### Information
== Segment start ==
(* For every admissible $v>9$ (i.e. $v\equiv 1$ or $3 \pmod 6$, $v>9$) and every Steiner triple system $\mathcal{S}=\mathrm{STS}(v)$, the graph $G_0=0$-$\mathrm{BIG}(\mathcal{S})$ is not silver. (For $v=7$ and $v=9$, $0$-$\mathrm{BIG}(\mathrm{STS}(v))$ is totally silver.)
   Context: A Steiner triple system $\mathrm{STS}(v)$ is a set $V$ of $v$ elements with a collection of $3$-subsets (blocks) such that every pair of elements lies in exactly one block; it exists iff $v\equiv 1,3\pmod 6$. The $0$-block intersection graph $0$-$\mathrm{BIG}$ has the blocks as vertices, two blocks adjacent iff they are disjoint; it is a regular graph. An $\alpha$-set of a graph is a maximum independent set. Let $G$ be an $r$-regular graph and $c$ a proper $(r+1)$-coloring of $G$. A vertex $x$ is rainbow with respect to $c$ if every one of the $r+1$ colors appears on $N[x]=N(x)\cup\{x\}$. Given an $\alpha$-set $I$, $c$ is silver with respect to $I$ if every $x\in I$ is rainbow; $G$ is silver if it admits a silver coloring with respect to some $\alpha$-set; $G$ is totally silver if it admits a proper $(r+1)$-coloring in which every vertex is rainbow. *)

theory Defs
  imports Main
begin

definition is_STS :: "'a set \<Rightarrow> 'a set set \<Rightarrow> bool" where
  "is_STS V B \<longleftrightarrow> finite V \<and>
     (\<forall>b\<in>B. b \<subseteq> V \<and> card b = 3) \<and>
     (\<forall>x\<in>V. \<forall>y\<in>V. x \<noteq> y \<longrightarrow> (\<exists>!b. b \<in> B \<and> {x, y} \<subseteq> b))"

(* 0-block intersection graph: adjacency = disjointness of blocks (vertex set B) *)
definition zero_BIG_adj :: "'a set \<Rightarrow> 'a set \<Rightarrow> bool" where
  "zero_BIG_adj b b' \<longleftrightarrow> b \<inter> b' = {}"

definition nbhd :: "'b set \<Rightarrow> ('b \<Rightarrow> 'b \<Rightarrow> bool) \<Rightarrow> 'b \<Rightarrow> 'b set" where
  "nbhd Vs adj x = {y \<in> Vs. adj x y}"

definition closed_nbhd :: "'b set \<Rightarrow> ('b \<Rightarrow> 'b \<Rightarrow> bool) \<Rightarrow> 'b \<Rightarrow> 'b set" where
  "closed_nbhd Vs adj x = insert x (nbhd Vs adj x)"

definition regular_graph :: "'b set \<Rightarrow> ('b \<Rightarrow> 'b \<Rightarrow> bool) \<Rightarrow> nat \<Rightarrow> bool" where
  "regular_graph Vs adj r \<longleftrightarrow> (\<forall>x\<in>Vs. card (nbhd Vs adj x) = r)"

definition independent_set :: "'b set \<Rightarrow> ('b \<Rightarrow> 'b \<Rightarrow> bool) \<Rightarrow> 'b set \<Rightarrow> bool" where
  "independent_set Vs adj I \<longleftrightarrow> I \<subseteq> Vs \<and> (\<forall>x\<in>I. \<forall>y\<in>I. \<not> adj x y)"

definition alpha_set :: "'b set \<Rightarrow> ('b \<Rightarrow> 'b \<Rightarrow> bool) \<Rightarrow> 'b set \<Rightarrow> bool" where
  "alpha_set Vs adj I \<longleftrightarrow> independent_set Vs adj I \<and>
     (\<forall>J. independent_set Vs adj J \<longrightarrow> card J \<le> card I)"

definition proper_coloring :: "'b set \<Rightarrow> ('b \<Rightarrow> 'b \<Rightarrow> bool) \<Rightarrow> nat \<Rightarrow> ('b \<Rightarrow> nat) \<Rightarrow> bool" where
  "proper_coloring Vs adj k c \<longleftrightarrow> (\<forall>x\<in>Vs. c x < k) \<and>
     (\<forall>x\<in>Vs. \<forall>y\<in>Vs. adj x y \<longrightarrow> c x \<noteq> c y)"

definition rainbow :: "'b set \<Rightarrow> ('b \<Rightarrow> 'b \<Rightarrow> bool) \<Rightarrow> nat \<Rightarrow> ('b \<Rightarrow> nat) \<Rightarrow> 'b \<Rightarrow> bool" where
  "rainbow Vs adj r c x \<longleftrightarrow> {..<r+1} \<subseteq> c ` closed_nbhd Vs adj x"

(* for an r-regular graph *)
definition silver :: "'b set \<Rightarrow> ('b \<Rightarrow> 'b \<Rightarrow> bool) \<Rightarrow> nat \<Rightarrow> bool" where
  "silver Vs adj r \<longleftrightarrow> (\<exists>I c. alpha_set Vs adj I \<and> proper_coloring Vs adj (r+1) c \<and>
     (\<forall>x\<in>I. rainbow Vs adj r c x))"

definition totally_silver :: "'b set \<Rightarrow> ('b \<Rightarrow> 'b \<Rightarrow> bool) \<Rightarrow> nat \<Rightarrow> bool" where
  "totally_silver Vs adj r \<longleftrightarrow> (\<exists>c. proper_coloring Vs adj (r+1) c \<and>
     (\<forall>x\<in>Vs. rainbow Vs adj r c x))"

end

theory Submission
  imports Defs
begin

(* Let S = (V, B) be an STS(v) with v = 2k + 1, so every point lies on k blocks.  A block meets
   itself and 3(k - 1) other blocks, so the 0-block intersection graph G is r-regular with
   r = |B| - (3k - 2); its independent sets are exactly the intersecting families of blocks.

   For v > 9 (k >= 6) a maximum intersecting family I is either a star (all blocks through one
   point) or, only when v = 15, a Fano subsystem on seven points.  Either way |I| = k, every
   block outside I meets exactly three members of I, and for v = 13 the family I covers V.
   In a silver colouring each closed neighbourhood N[y], y in I, shows every colour exactly once;
   this forces every colour to occur on I itself, i.e. r + 1 <= k, whereas r + 1 > k.
   For v = 7 the graph is edgeless and for v = 9 it is a disjoint union of triangles; such
   disjoint unions of cliques are totally silver. *)

lemma closed_nbhd_subset: "x \<in> Vs \<Longrightarrow> closed_nbhd Vs adj x \<subseteq> Vs"
  unfolding closed_nbhd_def nbhd_def by auto

lemma card_closed_nbhd:
  assumes "finite Vs" "x \<in> Vs" "\<not> adj x x" "regular_graph Vs adj r"
  shows "card (closed_nbhd Vs adj x) = r + 1"
proof -
  have "x \<notin> nbhd Vs adj x" "finite (nbhd Vs adj x)"
    using assms(1,3) unfolding nbhd_def by auto
  thus ?thesis using assms(2,4) unfolding closed_nbhd_def regular_graph_def by simp
qed

lemma rainbow_inj_on:
  assumes "finite Vs" "x \<in> Vs" "\<not> adj x x" "regular_graph Vs adj r"
    and "proper_coloring Vs adj (r + 1) c" "rainbow Vs adj r c x"
  shows "inj_on c (closed_nbhd Vs adj x)"
proof -
  let ?N = "closed_nbhd Vs adj x"
  have "c ` ?N \<subseteq> {..<r + 1}"
    using assms(5) closed_nbhd_subset[OF assms(2)] unfolding proper_coloring_def by auto
  with assms(6) have "c ` ?N = {..<r + 1}" unfolding rainbow_def by blast
  hence "card (c ` ?N) = card ?N" using card_closed_nbhd[OF assms(1-4)] by simp
  moreover have "finite ?N" using finite_subset[OF closed_nbhd_subset[OF assms(2)] assms(1)] .
  ultimately show ?thesis using inj_on_iff_eq_card by blast
qed

(* A disjoint union of cliques K_(r+1) (closed neighbourhoods of size r + 1 that coincide for
   adjacent vertices) is totally silver: colour each clique bijectively. *)
lemma cluster_graph_totally_silver:
  assumes irrefl: "\<forall>x\<in>Vs. \<not> adj x x"
    and card: "\<forall>x\<in>Vs. card (closed_nbhd Vs adj x) = r + 1"
    and clique: "\<forall>x\<in>Vs. \<forall>z\<in>closed_nbhd Vs adj x. closed_nbhd Vs adj z = closed_nbhd Vs adj x"
  shows "totally_silver Vs adj r"
proof -
  let ?N = "closed_nbhd Vs adj"
  define g where "g Q = (SOME f. bij_betw f Q {..<r + 1})" for Q :: "'a set"
  have g: "bij_betw (g (?N x)) (?N x) {..<r + 1}" if "x \<in> Vs" for x
  proof -
    have "finite (?N x)" using card that by (metis card.infinite add_is_0 one_neq_zero)
    hence "\<exists>f. bij_betw f (?N x) {..<r + 1}"
      using finite_same_card_bij[of "?N x" "{..<r + 1}"] card that by simp
    thus ?thesis unfolding g_def by (rule someI_ex)
  qed
  define c where "c z = g (?N z) z" for z
  have c_restrict: "\<forall>z\<in>?N x. c z = g (?N x) z" if "x \<in> Vs" for x
    using clique that unfolding c_def by simp
  have self: "x \<in> ?N x" for x unfolding closed_nbhd_def by simp
  have image: "c ` ?N x = {..<r + 1}" and inj: "inj_on c (?N x)" if "x \<in> Vs" for x
    using g[OF that] c_restrict[OF that] image_cong[OF refl, of _ c "g (?N x)"]
      inj_on_cong[of "?N x" c "g (?N x)"] unfolding bij_betw_def by auto
  have "proper_coloring Vs adj (r + 1) c"
    unfolding proper_coloring_def
  proof (intro conjI ballI impI)
    fix x assume "x \<in> Vs"
    thus "c x < r + 1" using image self by blast
  next
    fix x y assume x: "x \<in> Vs" and y: "y \<in> Vs" and "adj x y"
    hence "y \<in> ?N x" "x \<noteq> y" using irrefl unfolding closed_nbhd_def nbhd_def by auto
    thus "c x \<noteq> c y" using inj[OF x] self unfolding inj_on_def by metis
  qed
  moreover have "\<forall>x\<in>Vs. rainbow Vs adj r c x" unfolding rainbow_def using image by simp
  ultimately show ?thesis unfolding totally_silver_def by blast
qed

locale sts =
  fixes V :: "'a set" and B :: "'a set set"
  assumes is_sts: "is_STS V B"
begin

lemma finite_points: "finite V"
  and block_subset: "b \<in> B \<Longrightarrow> b \<subseteq> V"
  and card_block: "b \<in> B \<Longrightarrow> card b = 3"
  and unique_block: "p \<in> V \<Longrightarrow> q \<in> V \<Longrightarrow> p \<noteq> q \<Longrightarrow> \<exists>!b. b \<in> B \<and> {p, q} \<subseteq> b"
  using is_sts unfolding is_STS_def by auto
(* For every reward-mean vector $\boldsymbol{\mu}$ with a unique best arm and every cost-mean vector $\boldsymbol{c}\in[\ell,1]^K$, the map $(\boldsymbol{\mu}',\boldsymbol{c}')\mapsto\boldsymbol{w}^*(\boldsymbol{\mu}',\boldsymbol{c}')$ is continuous at $(\boldsymbol{\mu},\boldsymbol{c})$.
   Context: Rewards belong to a one-parameter natural exponential family $\{h(x)\exp(\theta_\mu x-b(\theta_\mu))\}$ parametrized by the mean, with $b$ convex and twice differentiable; $d$ is the KL divergence between family members. $\ell>0$ is a fixed constant. For reward means $\boldsymbol{\mu}'$ with unique best arm $a^*(\boldsymbol{\mu}')$ and positive cost means $\boldsymbol{c}'$, $\boldsymbol{w}^*(\boldsymbol{\mu}',\boldsymbol{c}')$ is the maximizer over the probability simplex $\Sigma_K$ of $\inf_{\boldsymbol{\lambda}:a^*(\boldsymbol{\lambda})\neq a^*(\boldsymbol{\mu}')}\sum_a\frac{w_a}{c'_a}d(\mu'_a,\lambda_a)$. *)

theory Defs
  imports "HOL-Analysis.Analysis"
begin

text \<open>One-parameter natural exponential family with log-partition function b on the
  natural parameter interval Theta, parametrized by the mean mu = b'(theta).\<close>

definition nef :: "real set \<Rightarrow> (real \<Rightarrow> real) \<Rightarrow> bool" where
  "nef Th b \<longleftrightarrow> open Th \<and> is_interval Th \<and> Th \<noteq> {} \<and> convex_on Th b \<and>
     (\<forall>t\<in>Th. b differentiable (at t) \<and> deriv b differentiable (at t)) \<and>
     inj_on (deriv b) Th"

definition nef_means :: "real set \<Rightarrow> (real \<Rightarrow> real) \<Rightarrow> real set" where
  "nef_means Th b = deriv b ` Th"

definition nef_theta :: "real set \<Rightarrow> (real \<Rightarrow> real) \<Rightarrow> real \<Rightarrow> real" where
  "nef_theta Th b m = inv_into Th (deriv b) m"

text \<open>KL divergence d(x,y) = KL(P_x || P_y) between family members with means x, y.\<close>
definition nef_kl :: "real set \<Rightarrow> (real \<Rightarrow> real) \<Rightarrow> real \<Rightarrow> real \<Rightarrow> real" where
  "nef_kl Th b x y =
     (nef_theta Th b x - nef_theta Th b y) * x - b (nef_theta Th b x) + b (nef_theta Th b y)"

definition unique_best :: "real^'k \<Rightarrow> 'k \<Rightarrow> bool" where
  "unique_best m a \<longleftrightarrow> (\<forall>j. j \<noteq> a \<longrightarrow> m $ j < m $ a)"

definition has_unique_best :: "real^'k \<Rightarrow> bool" where
  "has_unique_best m \<longleftrightarrow> (\<exists>a. unique_best m a)"

definition best_arm :: "real^'k \<Rightarrow> 'k" where
  "best_arm m = (THE a. unique_best m a)"

definition alt_set :: "real set \<Rightarrow> (real \<Rightarrow> real) \<Rightarrow> real^'k \<Rightarrow> (real^'k) set" where
  "alt_set Th b m = {l. (\<forall>a. l $ a \<in> nef_means Th b) \<and> \<not> unique_best l (best_arm m)}"

definition prob_simplex :: "(real^'k) set" where
  "prob_simplex = {w. (\<forall>a. 0 \<le> w $ a) \<and> (\<Sum>a\<in>UNIV. w $ a) = 1}"

definition objective :: "real set \<Rightarrow> (real \<Rightarrow> real) \<Rightarrow> real^'k \<Rightarrow> real^'k \<Rightarrow> real^'k \<Rightarrow> real" where
  "objective Th b m c w =
     Inf ((\<lambda>l. \<Sum>a\<in>UNIV. w $ a / c $ a * nef_kl Th b (m $ a) (l $ a)) ` alt_set Th b m)"

definition wstar :: "real set \<Rightarrow> (real \<Rightarrow> real) \<Rightarrow> real^'k::finite \<Rightarrow> real^'k \<Rightarrow> real^'k" where
  "wstar Th b m c = (SOME w. w \<in> prob_simplex \<and>
       (\<forall>v\<in>prob_simplex. objective Th b m c v \<le> objective Th b m c w))"

end

(*
  Write I_j(w) for inf_y (w_a/c_a d(mu_a, y) + w_j/c_j d(mu_j, y)), a the best arm.  Since d is
  the Bregman divergence of b in mean coordinates, the infimum is attained at the weighted mean
  of mu_a and mu_j, and the inner infimum of the objective reduces to min over j /= a of I_j(w).
  Hence the objective is jointly continuous in (mu, c, w) near a point with unique best arm.
  Each I_j is 1-homogeneous and concave in the weights, strictly off rays through the origin.
  A maximizer w* has positive entries and equalizes all I_j (otherwise shifting weight away
  from a costlier challenger improves every term); with strict concavity this makes w* unique.
  Berge's maximum theorem (continuous objective, compact simplex, unique maximizer) then gives
  continuity of w*.
*)
theory Submission
  imports Defs
begin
== Segment end ==
### Problem
Reproduce exactly, and only, the part of the listing above that begins at the line with "(\<forall>J. independent_set Vs" and goes on through the line with "block outside I".

### Task response
     (\<forall>J. independent_set Vs adj J \<longrightarrow> card J \<le> card I)"

definition proper_coloring :: "'b set \<Rightarrow> ('b \<Rightarrow> 'b \<Rightarrow> bool) \<Rightarrow> nat \<Rightarrow> ('b \<Rightarrow> nat) \<Rightarrow> bool" where
  "proper_coloring Vs adj k c \<longleftrightarrow> (\<forall>x\<in>Vs. c x < k) \<and>
     (\<forall>x\<in>Vs. \<forall>y\<in>Vs. adj x y \<longrightarrow> c x \<noteq> c y)"

definition rainbow :: "'b set \<Rightarrow> ('b \<Rightarrow> 'b \<Rightarrow> bool) \<Rightarrow> nat \<Rightarrow> ('b \<Rightarrow> nat) \<Rightarrow> 'b \<Rightarrow> bool" where
  "rainbow Vs adj r c x \<longleftrightarrow> {..<r+1} \<subseteq> c ` closed_nbhd Vs adj x"

(* for an r-regular graph *)
definition silver :: "'b set \<Rightarrow> ('b \<Rightarrow> 'b \<Rightarrow> bool) \<Rightarrow> nat \<Rightarrow> bool" where
  "silver Vs adj r \<longleftrightarrow> (\<exists>I c. alpha_set Vs adj I \<and> proper_coloring Vs adj (r+1) c \<and>
     (\<forall>x\<in>I. rainbow Vs adj r c x))"

definition totally_silver :: "'b set \<Rightarrow> ('b \<Rightarrow> 'b \<Rightarrow> bool) \<Rightarrow> nat \<Rightarrow> bool" where
  "totally_silver Vs adj r \<longleftrightarrow> (\<exists>c. proper_coloring Vs adj (r+1) c \<and>
     (\<forall>x\<in>Vs. rainbow Vs adj r c x))"

end

theory Submission
  imports Defs
begin

(* Let S = (V, B) be an STS(v) with v = 2k + 1, so every point lies on k blocks.  A block meets
   itself and 3(k - 1) other blocks, so the 0-block intersection graph G is r-regular with
   r = |B| - (3k - 2); its independent sets are exactly the intersecting families of blocks.

   For v > 9 (k >= 6) a maximum intersecting family I is either a star (all blocks through one
   point) or, only when v = 15, a Fano subsystem on seven points.  Either way |I| = k, every
   block outside I meets exactly three members of I, and for v = 13 the family I covers V.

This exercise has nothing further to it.